1976: LACBA Censures Judge Grillo for Abusing Powers

 

By ROGER M. GRACE

 

Joseph Grillo was presiding judge of the Los Angeles Municipal Court. The Los Angeles County Bar Assn. on Oct. 14, 1976 censured Grillo and determined that it would call upon the Commission on Judicial Qualifications (now known as the Commission on Judicial Performance) to investigate his conduct.

The conduct in question had occurred on Friday, Aug. 6. Grillo wanted the county (which provided major finances to the court) to supply two round-trip airplane tickets, each worth $53. They were to be used by Grillo and Judge James Di Giuseppe in going to Sacramento the following Monday to lobby for favorable committee action on a bill that would have created six additional judgeships on the court. The Board of Supervisors opposed the bill, and Transportation Manager James Czarnecki was under orders from Chief Administrative Officer Harry Hufford and Auditor Mark Bloodgood not to issue the tickets. Accompanied by his bailiff, his administrative assistant, and the court’s chief administrative officer, Grillo marched across the mall to the Hall of Administration and presented a court order to Czarnecki to hand over two tickets. When they weren’t proffered, the judge had the transportation manager arrested and taken to Div. One, where he found Czarnecki in direct contempt, and sentenced him to two days in jail.

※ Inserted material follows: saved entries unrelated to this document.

(* Let $\{\varphi_n\},\{\psi_n\}$ be biorthogonal sequences in a Hilbert space $\mathcal H$ and $\mathcal D,\mathcal E$ dense subspaces with $D_\psi\subseteq\mathcal D\subseteq D(\varphi)$, $D_\varphi\subseteq\mathcal E\subseteq D(\psi)$, such that $(\{\varphi_n\},\{\psi_n\})$ is a $(\mathcal D,\mathcal E)$-quasi basis. Then: (1) $D_\varphi^\perp\subseteq D(\varphi)$, where $D_\varphi^\perp$ is the orthogonal complement of $D_\varphi$; (2) if $\mathcal D\cap D_\varphi^\perp$ is dense in $D_\varphi^\perp$, then $D_\varphi$ is dense in $\mathcal H$. Similarly, $D_\psi^\perp\subseteq D(\psi)$, and if $\mathcal E\cap D_\psi^\perp$ is dense in $D_\psi^\perp$, then $D_\psi$ is dense in $\mathcal H$.
   Context: Inner product linear in the first argument. Biorthogonal: $\langle\varphi_n,\psi_m\rangle=\delta_{nm}$. $D_\varphi,D_\psi$ are the linear spans of $\{\varphi_n\},\{\psi_n\}$; $D(\varphi)=\{x:\sum_n|\langle x,\varphi_n\rangle|^2<\infty\}$, similarly $D(\psi)$. The pair is a $(\mathcal D,\mathcal E)$-quasi basis if $\sum_k\langle x,\varphi_k\rangle\langle\psi_k,y\rangle=\langle x,y\rangle$ for all $x\in\mathcal D$, $y\in\mathcal E$. *)

theory Defs
  imports Complex_Main
begin

text \<open>A complex pre-Hilbert / Hilbert space is rendered as an additive group 'a with a
complex scalar multiplication sc (a module over complex, library locale module) and an
inner product ip, linear in the first argument.\<close>

definition complex_inner_product :: "(complex \<Rightarrow> 'a::ab_group_add \<Rightarrow> 'a) \<Rightarrow> ('a \<Rightarrow> 'a \<Rightarrow> complex) \<Rightarrow> bool" where
  "complex_inner_product sc ip \<longleftrightarrow>
     (\<forall>x y z. ip (x + y) z = ip x z + ip y z) \<and>
     (\<forall>c x y. ip (sc c x) y = c * ip x y) \<and>
     (\<forall>x y. ip y x = cnj (ip x y)) \<and>
     (\<forall>x. Im (ip x x) = 0 \<and> Re (ip x x) \<ge> 0) \<and>
     (\<forall>x. ip x x = 0 \<longrightarrow> x = 0)"

definition ip_norm :: "('a \<Rightarrow> 'a \<Rightarrow> complex) \<Rightarrow> 'a \<Rightarrow> real" where
  "ip_norm ip x = sqrt (Re (ip x x))"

The judge stayed imposition of sentence until the following Wednesday to permit time for an appeal, explaining that “part of being a judge is compassion.”

County Counsel John Larson—who burst into Grillo’s chambers after the incident and shouted profanities at the judge—had a petition for writ of habeas corpus prepared. However, on Tuesday, shortly before the matter was slated to be heard before the Appellate Department of the Superior Court, Grillo rescinded the contempt order.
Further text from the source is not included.